text \<open>A counting fact used for the invariance of periodic orbit measures.\<close>

lemma card_shift_eq:
  assumes "Q n = Q (0::nat)"
  shows "card {i\<in>{..<n}. Q (Suc i)} = card {i\<in>{..<n}. Q i}"
proof (cases n)
  case (Suc m)
  have "card {i\<in>{..<n}. Q (Suc i)} = (\<Sum>i<n. if Q (Suc i) then 1 else 0)"
    by (simp add: sum.inter_filter[symmetric])
  also have "\<dots> = (\<Sum>i<m. if Q (Suc i) then 1 else 0) + (if Q n then 1 else 0)"
    using Suc by simp
  also have "\<dots> = (if Q 0 then 1 else 0) + (\<Sum>i<m. if Q (Suc i) then 1 else 0)"
    by (subst assms) (rule add.commute)
  also have "\<dots> = (\<Sum>i<n. if Q i then 1 else 0)"
    by (simp only: Suc sum.lessThan_Suc_shift)
  also have "\<dots> = card {i\<in>{..<n}. Q i}"
    by (simp add: sum.inter_filter[symmetric])
  finally show ?thesis .
qed simp

lemma suminf_ennreal_eq_0_iff: "(\<Sum>i. ennreal (g i)) = 0 \<longleftrightarrow> (\<forall>i. g i \<le> 0)"
  using suminf_eq_zero_iff[OF summableI, of "\<lambda>i. ennreal (g i)"] by (simp add: ennreal_eq_0_iff)

lemma Lim_mono_right:
  fixes f :: "real \<Rightarrow> ereal"
  assumes mono: "\<And>a b. 0 < a \<Longrightarrow> a \<le> b \<Longrightarrow> f a \<le> f b"
  shows "Lim (at_right 0) f = (INF e\<in>{0<..}. f e)"
proof (rule tendsto_Lim)
  show "\<not> trivial_limit (at_right (0::real))" by simp
  show "(f \<longlongrightarrow> (INF e\<in>{0<..}. f e)) (at_right 0)"
  proof (rule order_tendstoI)
    fix a assume a: "a < (INF e\<in>{0<..}. f e)"
    have "\<forall>y>0. y < 1 \<longrightarrow> a < f y"
    proof (intro allI impI)
      fix y :: real assume "0 < y"
      hence "(INF e\<in>{0<..}. f e) \<le> f y" by (intro INF_lower) auto
      thus "a < f y" using a by simp
    qed
    thus "\<forall>\<^sub>F x in at_right 0. a < f x" unfolding eventually_at_right_field
      by (intro exI[of _ 1]) auto
  next
    fix a assume a: "(INF e\<in>{0<..}. f e) < a"
    then obtain e0 where e0: "0 < e0" "f e0 < a" by (auto simp: INF_less_iff)
    have "\<forall>y>0. y < e0 \<longrightarrow> f y < a"
      using mono e0 by (meson le_less le_less_trans)
    thus "\<forall>\<^sub>F x in at_right 0. f x < a" unfolding eventually_at_right_field
      using e0 by (intro exI[of _ e0]) auto
  qed
qed

locale holder_potential =
  fixes d :: nat and lam \<alpha> :: real and A :: "(nat \<Rightarrow> nat) \<Rightarrow> real"
  assumes lam0: "0 < lam" and lam1: "lam < 1" and al: "0 < \<alpha>"
    and hA: "holderS d lam \<alpha> A" and d1: "1 \<le> d"
begin

definition m_A :: real where "m_A = mA d lam A"
definition q :: real where "q = lam powr \<alpha>"

lemma q0: "0 < q" and q1: "q < 1"
  using lam0 lam1 al powr01_less_one by (auto simp: q_def)

definition CA :: real where
  "CA = (SOME C. C \<ge> 0 \<and> (\<forall>x\<in>SigmaS d. \<forall>y\<in>SigmaS d. \<forall>k. agree k x y \<longrightarrow> \<bar>A x - A y\<bar> \<le> C * q ^ k))"

lemma CA: "CA \<ge> 0" "\<And>x y k. x\<in>SigmaS d \<Longrightarrow> y\<in>SigmaS d \<Longrightarrow> agree k x y \<Longrightarrow> \<bar>A x - A y\<bar> \<le> CA * q ^ k"
proof -
  have "\<exists>C. C \<ge> 0 \<and> (\<forall>x\<in>SigmaS d. \<forall>y\<in>SigmaS d. \<forall>k. agree k x y \<longrightarrow> \<bar>A x - A y\<bar> \<le> C * q ^ k)"
    using modulus_of_holder[OF lam0 lam1 al hA] by (simp add: q_def)
  from someI_ex[OF this] show "CA \<ge> 0" "\<And>x y k. x\<in>SigmaS d \<Longrightarrow> y\<in>SigmaS d \<Longrightarrow> agree k x y \<Longrightarrow> \<bar>A x - A y\<bar> \<le> CA * q ^ k"
    unfolding CA_def by auto
qed

definition KA :: real where "KA = \<bar>A ones\<bar> + CA"

lemma A_bound: "x \<in> SigmaS d \<Longrightarrow> \<bar>A x\<bar> \<le> KA"
  using CA(2)[of x ones 0] ones_in[OF d1] by (auto simp: KA_def)

lemma space_borelS: "space (borelS d lam) = SigmaS d"
  by (simp add: borelS_def space_measure_of_conv)

lemma opensS_sub: "opensS d lam \<subseteq> Pow (SigmaS d)"
  by (auto simp: opensS_def)

lemma open_in_borel: "U \<in> opensS d lam \<Longrightarrow> U \<in> sets (borelS d lam)"
  unfolding borelS_def using opensS_sub by (rule in_measure_of)

lemma cont_open: "continuousS d lam g \<Longrightarrow> {x \<in> SigmaS d. a < g x} \<in> opensS d lam"
  unfolding opensS_def
proof (safe)
  fix x assume cg: "continuousS d lam g" and x: "x \<in> SigmaS d" "a < g x"
  obtain \<delta> where \<delta>: "\<delta> > 0" "\<forall>y\<in>SigmaS d. distS lam x y < \<delta> \<longrightarrow> \<bar>g y - g x\<bar> < g x - a"
    using cg x unfolding continuousS_def by (meson diff_gt_0_iff_gt)
  show "\<exists>e>0. \<forall>y\<in>SigmaS d. distS lam x y < e \<longrightarrow> y \<in> {x \<in> SigmaS d. a < g x}"
    using \<delta> by (intro exI[of _ \<delta>]) force
qed

lemma A_cont: "continuousS d lam A"
  using continuous_of_modulus[OF lam0 lam1 al CA(1), where g=A and d=d] CA(2) by (simp add: q_def)

lemma meas_of_cont:
  assumes "sets M = sets (borelS d lam)" "continuousS d lam g"
  shows "g \<in> borel_measurable M"
  unfolding borel_measurable_iff_greater
proof
  fix a
  have sp: "space M = SigmaS d" using sets_eq_imp_space_eq[OF assms(1)] space_borelS by simp
  show "{w \<in> space M. a < g w} \<in> sets M"
    unfolding sp assms(1) by (rule open_in_borel[OF cont_open[OF assms(2)]])
qed

lemma shift_open: "U \<in> opensS d lam \<Longrightarrow> shift -` U \<inter> SigmaS d \<in> opensS d lam"
  unfolding opensS_def
proof (safe)
  fix x assume U: "U \<subseteq> SigmaS d" "\<forall>x\<in>U. \<exists>e>0. \<forall>y\<in>SigmaS d. distS lam x y < e \<longrightarrow> y \<in> U"
    and x: "shift x \<in> U" "x \<in> SigmaS d"
  obtain e where e: "e > 0" "\<forall>y\<in>SigmaS d. distS lam (shift x) y < e \<longrightarrow> y \<in> U" using U x by blast
  obtain k where k: "lam ^ k < e" using real_arch_pow_inv[OF e(1) lam1] by blast
  show "\<exists>e>0. \<forall>y\<in>SigmaS d. distS lam x y < e \<longrightarrow> y \<in> shift -` U \<inter> SigmaS d"
  proof (intro exI[of _ "lam ^ Suc k"] conjI ballI impI)
    show "0 < lam ^ Suc k" using lam0 by simp
    fix y assume y: "y \<in> SigmaS d" and dy: "distS lam x y < lam ^ Suc k"
    hence "agree (Suc k) x y" using distS_lt_pow[OF lam0 lam1] by blast
    hence "agree k (shift x) (shift y)" using agree_shift[of "Suc k" x y 1] by simp
    hence "distS lam (shift x) (shift y) < lam ^ k" using distS_lt_pow[OF lam0 lam1] by blast
    hence "distS lam (shift x) (shift y) < e" using k by linarith
    thus "y \<in> shift -` U \<inter> SigmaS d" using e y shift_in1 by blast
  qed
qed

________________________________________

Work task. Repeat exactly, and only, the run of lines from the start of the material above through the line that holds "using mono e0".

The answer.
text \<open>A counting fact used for the invariance of periodic orbit measures.\<close>

lemma card_shift_eq:
  assumes "Q n = Q (0::nat)"
  shows "card {i\<in>{..<n}. Q (Suc i)} = card {i\<in>{..<n}. Q i}"
proof (cases n)
  case (Suc m)
  have "card {i\<in>{..<n}. Q (Suc i)} = (\<Sum>i<n. if Q (Suc i) then 1 else 0)"
    by (simp add: sum.inter_filter[symmetric])
  also have "\<dots> = (\<Sum>i<m. if Q (Suc i) then 1 else 0) + (if Q n then 1 else 0)"
    using Suc by simp
  also have "\<dots> = (if Q 0 then 1 else 0) + (\<Sum>i<m. if Q (Suc i) then 1 else 0)"
    by (subst assms) (rule add.commute)
  also have "\<dots> = (\<Sum>i<n. if Q i then 1 else 0)"
    by (simp only: Suc sum.lessThan_Suc_shift)
  also have "\<dots> = card {i\<in>{..<n}. Q i}"
    by (simp add: sum.inter_filter[symmetric])
  finally show ?thesis .
qed simp

lemma suminf_ennreal_eq_0_iff: "(\<Sum>i. ennreal (g i)) = 0 \<longleftrightarrow> (\<forall>i. g i \<le> 0)"
  using suminf_eq_zero_iff[OF summableI, of "\<lambda>i. ennreal (g i)"] by (simp add: ennreal_eq_0_iff)

lemma Lim_mono_right:
  fixes f :: "real \<Rightarrow> ereal"
  assumes mono: "\<And>a b. 0 < a \<Longrightarrow> a \<le> b \<Longrightarrow> f a \<le> f b"
  shows "Lim (at_right 0) f = (INF e\<in>{0<..}. f e)"
proof (rule tendsto_Lim)
  show "\<not> trivial_limit (at_right (0::real))" by simp
  show "(f \<longlongrightarrow> (INF e\<in>{0<..}. f e)) (at_right 0)"
  proof (rule order_tendstoI)
    fix a assume a: "a < (INF e\<in>{0<..}. f e)"
    have "\<forall>y>0. y < 1 \<longrightarrow> a < f y"
    proof (intro allI impI)
      fix y :: real assume "0 < y"
      hence "(INF e\<in>{0<..}. f e) \<le> f y" by (intro INF_lower) auto
      thus "a < f y" using a by simp
    qed
    thus "\<forall>\<^sub>F x in at_right 0. a < f x" unfolding eventually_at_right_field
      by (intro exI[of _ 1]) auto
  next
    fix a assume a: "(INF e\<in>{0<..}. f e) < a"
    then obtain e0 where e0: "0 < e0" "f e0 < a" by (auto simp: INF_less_iff)
    have "\<forall>y>0. y < e0 \<longrightarrow> f y < a"
      using mono e0 by (meson le_less le_less_trans)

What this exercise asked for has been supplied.